## DATA SHOWN
════════════════════
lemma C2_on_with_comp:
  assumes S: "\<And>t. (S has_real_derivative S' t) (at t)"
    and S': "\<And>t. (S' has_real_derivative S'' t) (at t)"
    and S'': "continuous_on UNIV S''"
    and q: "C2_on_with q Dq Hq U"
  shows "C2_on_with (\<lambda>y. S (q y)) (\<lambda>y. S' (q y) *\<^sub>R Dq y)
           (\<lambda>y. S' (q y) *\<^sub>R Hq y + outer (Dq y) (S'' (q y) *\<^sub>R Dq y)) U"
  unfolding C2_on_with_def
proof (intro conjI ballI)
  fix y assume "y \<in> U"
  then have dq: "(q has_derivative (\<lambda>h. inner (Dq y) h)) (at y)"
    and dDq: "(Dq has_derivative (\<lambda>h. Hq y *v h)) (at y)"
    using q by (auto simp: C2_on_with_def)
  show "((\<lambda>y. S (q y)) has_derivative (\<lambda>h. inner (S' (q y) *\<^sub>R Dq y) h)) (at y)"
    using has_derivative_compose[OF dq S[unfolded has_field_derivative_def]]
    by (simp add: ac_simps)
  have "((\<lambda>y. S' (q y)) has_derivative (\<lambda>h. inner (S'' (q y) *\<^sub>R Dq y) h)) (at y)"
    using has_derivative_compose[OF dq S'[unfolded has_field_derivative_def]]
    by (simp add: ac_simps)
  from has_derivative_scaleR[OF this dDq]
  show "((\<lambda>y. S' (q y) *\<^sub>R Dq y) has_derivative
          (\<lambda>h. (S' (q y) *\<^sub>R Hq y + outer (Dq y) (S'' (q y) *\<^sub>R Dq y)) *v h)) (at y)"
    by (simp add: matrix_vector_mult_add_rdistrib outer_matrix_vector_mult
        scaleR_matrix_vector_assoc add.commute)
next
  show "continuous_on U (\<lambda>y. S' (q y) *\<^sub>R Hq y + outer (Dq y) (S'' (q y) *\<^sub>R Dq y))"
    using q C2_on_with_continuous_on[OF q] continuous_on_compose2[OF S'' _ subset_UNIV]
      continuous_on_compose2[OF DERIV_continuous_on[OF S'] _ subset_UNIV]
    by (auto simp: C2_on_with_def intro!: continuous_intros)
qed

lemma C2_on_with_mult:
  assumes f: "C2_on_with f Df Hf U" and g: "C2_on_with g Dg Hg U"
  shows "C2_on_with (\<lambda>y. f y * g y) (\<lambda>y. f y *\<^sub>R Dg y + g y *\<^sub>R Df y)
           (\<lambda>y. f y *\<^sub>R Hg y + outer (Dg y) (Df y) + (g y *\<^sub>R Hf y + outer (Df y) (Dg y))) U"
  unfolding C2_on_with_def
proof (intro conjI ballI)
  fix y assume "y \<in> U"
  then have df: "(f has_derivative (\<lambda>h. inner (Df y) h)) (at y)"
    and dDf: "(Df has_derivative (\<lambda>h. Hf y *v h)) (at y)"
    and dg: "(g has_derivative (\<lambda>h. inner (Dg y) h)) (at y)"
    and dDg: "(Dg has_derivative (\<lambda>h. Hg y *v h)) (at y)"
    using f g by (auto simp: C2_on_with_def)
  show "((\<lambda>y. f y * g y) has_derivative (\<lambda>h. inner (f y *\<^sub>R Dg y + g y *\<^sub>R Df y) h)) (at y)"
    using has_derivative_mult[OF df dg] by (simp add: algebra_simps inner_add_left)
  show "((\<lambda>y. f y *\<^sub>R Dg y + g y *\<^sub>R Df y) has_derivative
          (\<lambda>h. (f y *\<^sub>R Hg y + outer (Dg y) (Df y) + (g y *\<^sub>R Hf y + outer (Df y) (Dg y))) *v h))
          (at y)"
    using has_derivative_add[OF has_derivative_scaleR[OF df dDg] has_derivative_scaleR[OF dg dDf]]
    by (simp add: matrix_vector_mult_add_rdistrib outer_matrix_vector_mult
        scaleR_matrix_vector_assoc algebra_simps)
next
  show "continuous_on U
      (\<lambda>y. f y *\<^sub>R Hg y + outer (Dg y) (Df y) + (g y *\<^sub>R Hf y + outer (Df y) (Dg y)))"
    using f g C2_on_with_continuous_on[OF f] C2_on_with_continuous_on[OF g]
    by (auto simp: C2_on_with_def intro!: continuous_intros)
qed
════════════════════
## HOW TO COMPLETE THIS TASK
Copy every line of the records above, starting with the first, up to and including the line containing "Dq y) has_derivative".

## SOLUTION FOR THIS PROBLEM
lemma C2_on_with_comp:
  assumes S: "\<And>t. (S has_real_derivative S' t) (at t)"
    and S': "\<And>t. (S' has_real_derivative S'' t) (at t)"
    and S'': "continuous_on UNIV S''"
    and q: "C2_on_with q Dq Hq U"
  shows "C2_on_with (\<lambda>y. S (q y)) (\<lambda>y. S' (q y) *\<^sub>R Dq y)
           (\<lambda>y. S' (q y) *\<^sub>R Hq y + outer (Dq y) (S'' (q y) *\<^sub>R Dq y)) U"
  unfolding C2_on_with_def
proof (intro conjI ballI)
  fix y assume "y \<in> U"
  then have dq: "(q has_derivative (\<lambda>h. inner (Dq y) h)) (at y)"
    and dDq: "(Dq has_derivative (\<lambda>h. Hq y *v h)) (at y)"
    using q by (auto simp: C2_on_with_def)
  show "((\<lambda>y. S (q y)) has_derivative (\<lambda>h. inner (S' (q y) *\<^sub>R Dq y) h)) (at y)"
    using has_derivative_compose[OF dq S[unfolded has_field_derivative_def]]
    by (simp add: ac_simps)
  have "((\<lambda>y. S' (q y)) has_derivative (\<lambda>h. inner (S'' (q y) *\<^sub>R Dq y) h)) (at y)"
    using has_derivative_compose[OF dq S'[unfolded has_field_derivative_def]]
    by (simp add: ac_simps)
  from has_derivative_scaleR[OF this dDq]
  show "((\<lambda>y. S' (q y) *\<^sub>R Dq y) has_derivative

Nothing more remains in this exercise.